Part of our sense of injustice also arises from the consequences of the wrong decision for the individual. We are all unique, of course, but there are few campaigns against the injustice of Netflix recommendations. The cost of not being recommended a good film is, after all, quite low. However, we might feel slightly more uncomfortable about being rejected from job application by automatic algorithmic screening. Although I wasn’t a typical applicant to this role, surely I was a good fit? Why was I rejected?

The more unique an event, the more we explain the event to each other in the form of narrative. ‘Trump won the 2016 Presidential election as a reaction against the identity politics of Hilary Clinton’, for example. These explanations cannot meaningfully be described as ‘optimal’ — indeed there may be many competing explanations. Machine learning, on the other hand, explains in terms of historical correlations and therefore struggles to explain and create a narrative around an event.

Again, this is not to say that machine learning cannot be useful for important decisions and unique events.
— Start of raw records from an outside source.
lemma uniformly_transitiveI:
  assumes "U \<subseteq> G" "x\<^sub>0 \<in> X" "\<And>\<sigma>. \<sigma> \<in> U \<Longrightarrow> \<sigma> x\<^sub>0 \<in> X"
    and unique: "\<forall>u\<in>X. \<forall>v\<in>X. \<exists>!\<sigma>\<in>U. \<sigma> u = v"
  shows "uniformly_transitive G X"
proof -
  have "bij_betw (\<lambda>\<sigma>. \<sigma> x\<^sub>0) U X"
  proof (rule bij_betw_imageI)
    show "inj_on (\<lambda>\<sigma>. \<sigma> x\<^sub>0) U"
    proof (rule inj_onI)
      fix \<sigma> \<tau> assume "\<sigma> \<in> U" "\<tau> \<in> U" "\<sigma> x\<^sub>0 = \<tau> x\<^sub>0"
      moreover have "\<exists>!\<rho>\<in>U. \<rho> x\<^sub>0 = \<sigma> x\<^sub>0" using unique assms(2,3) \<open>\<sigma> \<in> U\<close> by simp
      ultimately show "\<sigma> = \<tau>" by (auto simp: bex1_def)
    qed
    show "(\<lambda>\<sigma>. \<sigma> x\<^sub>0) ` U = X"
    proof
      show "(\<lambda>\<sigma>. \<sigma> x\<^sub>0) ` U \<subseteq> X" using assms(3) by blast
      show "X \<subseteq> (\<lambda>\<sigma>. \<sigma> x\<^sub>0) ` U"
      proof
        fix v assume "v \<in> X"
        then have "\<exists>!\<sigma>\<in>U. \<sigma> x\<^sub>0 = v" using unique assms(2) by simp
        then obtain \<sigma> where "\<sigma> \<in> U" "\<sigma> x\<^sub>0 = v" by (auto simp: bex1_def)
        then show "v \<in> (\<lambda>\<sigma>. \<sigma> x\<^sub>0) ` U" by blast
      qed
    qed
  qed
  then have "card U = card X" by (rule bij_betw_same_card)
  then show ?thesis using assms(1) unique unfolding uniformly_transitive_def
    by (intro exI[of _ U] conjI)
qed

lemma lift_uniformly_transitive_induced_perm:
  assumes "uniformly_transitive (induced_perm \<B> ` G) \<B>"
  obtains R where "R \<subseteq> G" "\<And>C D. C \<in> \<B> \<Longrightarrow> D \<in> \<B> \<Longrightarrow> \<exists>!g\<in>R. g ` C = D"
proof -
  obtain T where T: "T \<subseteq> induced_perm \<B> ` G" "\<forall>C\<in>\<B>. \<forall>D\<in>\<B>. \<exists>!t\<in>T. t C = D"
    using assms unfolding uniformly_transitive_def by (elim exE conjE) (rule that)
  define lift where "lift t = (SOME g. g \<in> G \<and> induced_perm \<B> g = t)" for t
  have lift: "lift t \<in> G \<and> induced_perm \<B> (lift t) = t" if "t \<in> T" for t
  proof -
    have "\<exists>g. g \<in> G \<and> induced_perm \<B> g = t" using that T(1) by blast
    then show ?thesis unfolding lift_def by (rule someI_ex)
  qed
  have lift_image: "lift t ` C = t C" if "t \<in> T" "C \<in> \<B>" for t C
  proof -
    have "t C = induced_perm \<B> (lift t) C" using lift[OF that(1)] by simp
    then show ?thesis using that(2) by (simp add: induced_perm_def)
  qed
  show thesis
  proof
    show "lift ` T \<subseteq> G" using lift by blast
    fix C D assume "C \<in> \<B>" "D \<in> \<B>"
    have "\<exists>!t. t \<in> T \<and> t C = D" using T(2)[rule_format, OF \<open>C \<in> \<B>\<close> \<open>D \<in> \<B>\<close>] .
    then obtain t where t: "t \<in> T" "t C = D" and uniq: "\<And>t'. t' \<in> T \<Longrightarrow> t' C = D \<Longrightarrow> t' = t"
      by (metis (mono_tags, lifting))
    show "\<exists>!g\<in>lift ` T. g ` C = D"
    proof (rule ex1I[of _ "lift t"])
      show "lift t \<in> lift ` T \<and> lift t ` C = D" using t lift_image \<open>C \<in> \<B>\<close> by simp
    next
      fix g assume g: "g \<in> lift ` T \<and> g ` C = D"
      then obtain t' where t': "t' \<in> T" "g = lift t'" by blast
      then have "t' C = D" using g lift_image \<open>C \<in> \<B>\<close> by simp
      then show "g = lift t" using uniq t' by simp
    qed
  qed
qed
However, the more that this is the case, we should place more and more importance on explainability and exercise good judgement about the limitations of our model.
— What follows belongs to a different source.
(* Let $f:D\to\{0,1\}$, $D\subseteq\{0,1\}^n$, be a non-constant $n$-bit partial Boolean function. Then $f$ can be computed exactly by a quantum 1-query algorithm if and only if there exists a degree-1 SOS complex representation matrix $A$ of $f$ and $\bar f$ such that $A^\dagger A=\mathrm{diag}(u_0,u_1,\dots,u_n)$ for some numbers $u_0,\dots,u_n$ (i.e. the $n+1$ columns of $A$ are pairwise orthogonal).
   Context: An $n$-bit partial Boolean function is a map $f:D\to\{0,1\}$ with $D\subseteq\{0,1\}^n$; $\bar f(x)=1\oplus f(x)$ on $D$. For $x\in\{0,1\}^n$, $|F(x)\rangle_1=(1,(-1)^{x_1},\dots,(-1)^{x_n})^T$. A degree-1 SOS complex representation matrix of $f$ and $\bar f$ is a $(p+q)\times(n+1)$ complex matrix $A$ with rows $a^1,\dots,a^{p+q}\in\mathbb{C}^{n+1}$ (row vectors; columns indexed by $\emptyset,\{1\},\dots,\{n\}$) such that: $f(x)=\sum_{l=1}^p|a^l|F(x)\rangle_1|^2$ for all $x\in D$; $\sum_{l=1}^{p+q}|a^l|F(x)\rangle_1|^2=1$ for all $x\in\{0,1\}^n$; and hence $\bar f(x)=\sum_{l=p+1}^{p+q}|a^l|F(x)\rangle_1|^2$ for all $x\in D$. A quantum 1-query algorithm works in a finite-dimensional Hilbert space with orthonormal basis $\{|i,j'\rangle\}$, $i\in\{0,\dots,n\}$; the oracle is $O_x|i,j'\rangle=(-1)^{x_i}|i,j'\rangle$ for $i\ge 1$, $O_x|0,j'\rangle=|0,j'\rangle$; the algorithm applies input-independent unitaries $U_0,O_x,U_1$ to an initial state and performs a projective measurement with outcomes in $\{0,1\}$; it computes $f$ exactly if for every $x\in D$ the outcome is $f(x)$ with probability 1. *)

theory Defs
  imports Complex_Main "Jordan_Normal_Form.Schur_Decomposition"
begin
So, the second part of the framework is as follows: the more important a decision & unique an event, the more wary to be of machine learning.

Examples

Below are a few machine learning examples to illustrate the framework in action.
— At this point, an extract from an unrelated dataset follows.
(* Let $d\ge1$, let $C>0$, $t_0>0$, and let $u_0(x)=Ce^{-|x|^2/(4t_0)}$ on $\mathbb{R}^d$. For each integer $k\ge0$ let $$u_k(x,t)=\sum_{|\alpha|\le k}\frac{(-1)^{|\alpha|}}{\alpha!}\Big(\int_{\mathbb{R}^d}y^\alpha u_0(y)\,dy\Big)D^\alpha G(x,t).$$ Fix $t$ with $0<t<t_0$. Then $\|u_k(\cdot,t)\|_{L^\infty(\mathbb{R}^d)}\to\infty$ as $k\to\infty$. More precisely: (i) if $d=1$, there is a constant $B>0$ independent of $k$ (depending on $C,t,t_0$) such that for every sufficiently large $k$, $$|u_k(0,t)|\ge B\Big(\frac{t_0}{t}\Big)^{\lfloor k/2\rfloor}\sqrt{\frac{1}{\lfloor k/2\rfloor-1}};$$ (ii) if $d\ge2$, there is a constant $c>0$ independent of $k$ (depending on $C,d,t,t_0$) such that for every integer $k\ge0$, $$|u_k(0,t)|\ge c\Big(\frac{t_0}{t}-1\Big)\Big(\frac{t_0}{t}\Big)^{\lfloor k/2\rfloor-1}.$$
   Context: $G(x,t)=(4\pi t)^{-d/2}\exp(-|x|^2/(4t))$ is the heat kernel. Multi-index notation: $\alpha\in\mathbb{Z}_{\ge0}^d$, $|\alpha|=\sum\alpha_i$, $\alpha!=\prod\alpha_i!$, $y^\alpha=\prod y_i^{\alpha_i}$, $D^\alpha=\partial_{x_1}^{\alpha_1}\cdots\partial_{x_d}^{\alpha_d}$. $\lfloor\cdot\rfloor$ is the floor function. (The paper gives the explicit constant $c=C/((4t)^{d/2}\Gamma(d/2))$ in part (ii).) *)

theory Defs
  imports "HOL-Analysis.Analysis" "HOL-Probability.Essential_Supremum"
begin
  • A cancerous tumour detection algorithm — the problem is stationary but the importance of the decision is high. Explanability required and needs to be used with care.
  • Data centre optimisation (like in this case)— the environment is stationary and the importance of each decision is low — good use of machine learning.
  • Netflix Recommendation Algorithm — non-stationary environment (people’s preferences change over time) but cost of decisions is low — a good use of machine learning.
  • Clinical Trial Prediction — non-stationary environment (new trial design paradigms, higher standards of care) and cost of decisions is high. Explainability is required and machine learning should be used with great care.

Summary

So, in conclusion, when you are approaching a problem with machine learning, you should be asking yourself two questions:

  1. Is the model environment stationary?
  2. How important and unique is each model prediction?

Finally, if either of these situations apply, it is always worth continually asking the question posed by the authors of Radical Uncertainty — “what is going on here”. It only seems apt to end with the words of Yogi Berra — “It’s tough to make predictions, especially about the future”.